Artificial intelligence-generated synthetic data derived from diffusion models can faithfully replicate complex hepatology datasets, maintain key clinical signals, and ensure strong privacy safeguards. This approach can help address data scarcity, enhance model generalizability, foster multi-institutional collaboration, and accelerate progress in hepatology research.

摘要

背景与目的

临床肝脏病学研究常常面临数据可得性有限、少数群体代表性不足以及复杂的数据共享规定等问题。合成数据——旨在反映真实世界分布的人工生成的患者记录——提供了一种潜在的解决方案。

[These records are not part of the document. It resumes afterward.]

lemma R_cases:
  assumes "(v, w) \<in> R"
  obtains (Left) c d where "v = Inl c" "w = Inl d" "(c, d) \<in> S1"
    | (Right) c d where "v = Inr c" "w = Inr d" "(c, d) \<in> S2"
    | (Cross) c d where "v = Inl c" "w = Inr d" "c \<in> X1" "d \<in> X2"
proof -
  have "P1 \<subseteq> S1" "P2 \<subseteq> S2" using so1(1,4) so2(1,4) by blast+
  then show ?thesis using assms that unfolding R_def P12_def S12_def by blast
qed

lemma P12_cases:
  assumes "(v, w) \<in> P12"
  obtains (Left) c d where "v = Inl c" "w = Inl d" "(c, d) \<in> P1"
    | (Right) c d where "v = Inr c" "w = Inr d" "(c, d) \<in> P2"
    | (Cross) c d where "v = Inl c" "w = Inr d" "c \<in> X1" "d \<in> X2" "(l1 c, l2 d) \<notin> ser"
  using assms that unfolding P12_def by blast

text \<open>Reachability invariant: R-paths inside a component follow the old \<open>\<sqsubset>\<close>
  (reflexively), and no R-path leads from X2 back to X1.\<close>
definition "reach_bound = Id \<union> {(Inl a, Inl b) | a b. (a, b) \<in> S1} \<union>
    {(Inr a, Inr b) | a b. (a, b) \<in> S2} \<union> {(Inl a, Inr b) | a b. a \<in> X1 \<and> b \<in> X2}"

lemma reach_bound_step:
  assumes "(u, v) \<in> reach_bound" "(v, w) \<in> R"
  shows "(u, w) \<in> reach_bound"
  using assms(2)
proof (cases rule: R_cases)
  case (Left c d)
  have "\<And>a. a = c \<or> (a, c) \<in> S1 \<Longrightarrow> a = d \<or> (a, d) \<in> S1"
    by (rule so_sqsub_extend[OF so_components(1) _ Left(3)])
  then show ?thesis using assms(1) Left unfolding reach_bound_def by auto
next
  case (Right c d)
  have "\<And>a. a = c \<or> (a, c) \<in> S2 \<Longrightarrow> a = d \<or> (a, d) \<in> S2"
    by (rule so_sqsub_extend[OF so_components(2) _ Right(3)])
  moreover have "d \<in> X2" using Right(3) so2(2) by auto
  ultimately show ?thesis using assms(1) Right unfolding reach_bound_def by auto
next
  case (Cross c d)
  then show ?thesis using assms(1) so1(2) unfolding reach_bound_def by auto
qed

lemma rtrancl_R_bound: "(u, v) \<in> R\<^sup>* \<Longrightarrow> (u, v) \<in> reach_bound"
proof (induction rule: rtrancl_induct)
  case base then show ?case by (simp add: reach_bound_def)
next
  case (step v w) show ?case using step.IH step.hyps(2) by (rule reach_bound_step)
qed

lemma reach_Left: "(Inl a, Inl b) \<in> R\<^sup>* \<Longrightarrow> a = b \<or> (a, b) \<in> S1"
  by (drule rtrancl_R_bound) (auto simp: reach_bound_def)

lemma reach_Right: "(Inr a, Inr b) \<in> R\<^sup>* \<Longrightarrow> a = b \<or> (a, b) \<in> S2"
  by (drule rtrancl_R_bound) (auto simp: reach_bound_def)

lemma no_reach_back: "(Inr a, Inl b) \<notin> R\<^sup>*"
  using rtrancl_R_bound by (auto simp: reach_bound_def)

lemma S_Left: "(Inl a, Inl b) \<in> S \<longleftrightarrow> (a, b) \<in> S1"
proof
  assume "(a, b) \<in> S1"
  moreover from this have "a \<noteq> b" using so1(2,3) by blast
  ultimately show "(Inl a, Inl b) \<in> S" unfolding S_def R_def S12_def by auto
qed (use reach_Left in \<open>auto simp: S_def\<close>)

lemma S_Right: "(Inr a, Inr b) \<in> S \<longleftrightarrow> (a, b) \<in> S2"
proof
  assume "(a, b) \<in> S2"
  moreover from this have "a \<noteq> b" using so2(2,3) by blast
  ultimately show "(Inr a, Inr b) \<in> S" unfolding S_def R_def S12_def by auto
qed (use reach_Right in \<open>auto simp: S_def\<close>)

lemma S_back: "(Inr a, Inl b) \<notin> S"
  using no_reach_back by (simp add: S_def)

lemma P12_sub_P: "P12 \<subseteq> P"
  unfolding P_def by auto

lemma P_sub_rtrancl: "P \<subseteq> R\<^sup>*"
proof -
  have "P12 \<subseteq> R\<^sup>*" unfolding R_def by auto
  then have "P \<subseteq> R\<^sup>* O R\<^sup>* O R\<^sup>*" unfolding P_def by blast
  then show ?thesis by simp
qed

text \<open>On each component the new \<open>\<prec>\<close> is the old one: a path \<open>a \<rightarrow>\<^sup>* c \<prec> d \<rightarrow>\<^sup>* b\<close> with both
  ends in one component stays there, and S4 absorbs the \<open>\<sqsubset>\<close>-segments.\<close>
lemma P_Left: "(Inl a, Inl b) \<in> P \<longleftrightarrow> (a, b) \<in> P1"
proof
  assume "(Inl a, Inl b) \<in> P"
  then obtain w w' where w: "(Inl a, w) \<in> R\<^sup>*" "(w, w') \<in> P12" "(w', Inl b) \<in> R\<^sup>*"
    unfolding P_def by blast
  from w(2) show "(a, b) \<in> P1"
  proof (cases rule: P12_cases)
    case (Left c d)
    then show ?thesis
      using w reach_Left so_prec_extend[OF so_components(1)] by metis
  qed (use w(3) no_reach_back in auto)
next
  assume "(a, b) \<in> P1"
  then show "(Inl a, Inl b) \<in> P" using P12_sub_P unfolding P12_def by auto
qed

lemma P_Right: "(Inr a, Inr b) \<in> P \<longleftrightarrow> (a, b) \<in> P2"
proof
  assume "(Inr a, Inr b) \<in> P"
  then obtain w w' where w: "(Inr a, w) \<in> R\<^sup>*" "(w, w') \<in> P12" "(w', Inr b) \<in> R\<^sup>*"
    unfolding P_def by blast
  from w(2) show "(a, b) \<in> P2"
  proof (cases rule: P12_cases)
    case (Right c d)
    then show ?thesis
      using w reach_Right so_prec_extend[OF so_components(2)] by metis
  qed (use w(1) no_reach_back in auto)
next
  assume "(a, b) \<in> P2"
  then show "(Inr a, Inr b) \<in> P" using P12_sub_P unfolding P12_def by auto
qed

我们假设,扩散模型作为一种先进的生成技术,可以从器官共享联合网络数据库中生成合成肝移植等待名单数据,该数据保持统计保真度、复制临床相关性和生存模式,并确保强大的隐私保护。

方法与结果

使用扩散模型生成了反映2019年至2023年器官共享联合网络肝移植等待名单数据库的合成患者队列。使用最大均值差异(MMD)和瓦瑟斯坦距离、相关性分析以及变量水平指标评估统计保真度。通过卡普兰-迈耶曲线比较无移植生存率和终末期肝病模型(MELD)评分表现来评估临床效用。使用到最近记录的距离(DCR)和属性披露风险评估来量化隐私。合成数据集与原始数据集几乎无法区分(MMD = 0.002,标准化瓦瑟斯坦距离<1.0),保留了临床相关的相关性和生存模式,相似的中位生存时间(110天对101天)和5年生存率(22.2%对22.8%)证明了这一点。基于MELD的90天死亡率预测得以维持(原始曲线下面积[AUC]=0.839对合成AUC = 0.844)。隐私指标表明没有可识别的患者匹配,平均DCR值确保合成个体不是真实患者的直接复制品。

结论

源自扩散模型的人工智能生成的合成数据可以忠实地复制复杂的肝脏病学数据集,保持关键临床信号,并确保强大的隐私保护。这种方法有助于解决数据稀缺问题,提高模型的通用性,促进多机构合作,并加速肝脏病学研究的进展。